Their work builds on previous conservation efforts that included replanting seven miles (11 kilometers) worth of mangroves in Guyana as part of a partnership with the European Union about a decade ago. The replanting has led to another nearly 1,000 hectares (2,400 acres) of natural regeneration, Arjoon-Martins said.
Protecting and planting natural buffers such as mangroves is key as rising sea levels and coastal flooding are major concerns in Guyana, whose name means “land of many waters”. According to Steve Nerem, a sea level rise expert at the University of Colorado, sea level rise here over the past 30 years has matched the global average of 4 millimeters per year.

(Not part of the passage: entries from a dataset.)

lemma sublinear_minkowski: "sublinear (minkowski W)"
proof (rule sublinearI)
  fix x y
  show "minkowski W (x + y) \<le> minkowski W x + minkowski W y"
  proof (rule field_le_epsilon)
    fix e :: real assume "0 < e"
    define s t where "s = minkowski W x + e / 2" and "t = minkowski W y + e / 2"
    have s: "0 < s" "(1 / s) *\<^sub>R x \<in> W" and t: "0 < t" "(1 / t) *\<^sub>R y \<in> W"
      using minkowski_less_imp[of x s] minkowski_less_imp[of y t] \<open>0 < e\<close>
      unfolding s_def t_def by simp_all
    have "(1 / (s + t)) *\<^sub>R (x + y) \<in> W"
      using convexD[OF convex_W s(2) t(2), of "s / (s + t)" "t / (s + t)"] s t
      by (simp add: add_divide_distrib[symmetric] scaleR_add_right)
    then have "minkowski W (x + y) \<le> s + t" using s t by (intro minkowski_le) simp_all
    then show "minkowski W (x + y) \<le> minkowski W x + minkowski W y + e"
      unfolding s_def t_def by simp
  qed
next
  have "minkowski W 0 \<le> t" if "0 < t" for t using minkowski_le[OF that] zero_W by simp
  then show "minkowski W 0 = 0"
    using minkowski_nonneg[of 0] by (metis field_le_epsilon add_0 order_antisym)
next
  fix c :: real and x assume c: "0 < c"
  have "minkowski W (c *\<^sub>R x) / c \<le> minkowski W x"
  proof (rule minkowski_greatest)
    fix t assume "0 < t" "(1 / t) *\<^sub>R x \<in> W"
    then have "minkowski W (c *\<^sub>R x) \<le> c * t" using c by (intro minkowski_le) simp_all
    then show "minkowski W (c *\<^sub>R x) / c \<le> t" using c by (simp add: field_simps)
  qed
  then show "minkowski W (c *\<^sub>R x) \<le> c * minkowski W x" using c by (simp add: field_simps)
qed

According to a study published by professors at the University of Western Ontario, the narrow coastal strip where most people live and farm makes up only 5% of Guyana’s land area and is intersected by three major rivers.
The area has been hit by altered rainfall, and Guyana’s rice industry has been particularly hard hit, said Ulric Trotz, former deputy director of the Caribbean Community Climate Change Center in Belize.
“This leads to floods, landslides and crop destruction,” he said.
Significant flooding, which Trotz attributed to climate change, has been reported in Guyana in recent years, including in Mahaicony, southeast of the capital Georgetown, where saltwater inundated farmland nearly two years ago, rendering it unusable.
The magnitude of the floods, combined with high tides, are overwhelming the locks and the colonial-era seawall, but Arjune Lilmohan, 32, said he is not giving up the fight. Like dozens of other workers, he said he sets the alarm in the middle of the night to open and close the box in his community because it is his responsibility to protect Guyana from the Atlantic Ocean.
“If you sleep on the job, you’ll be swamped,” he said.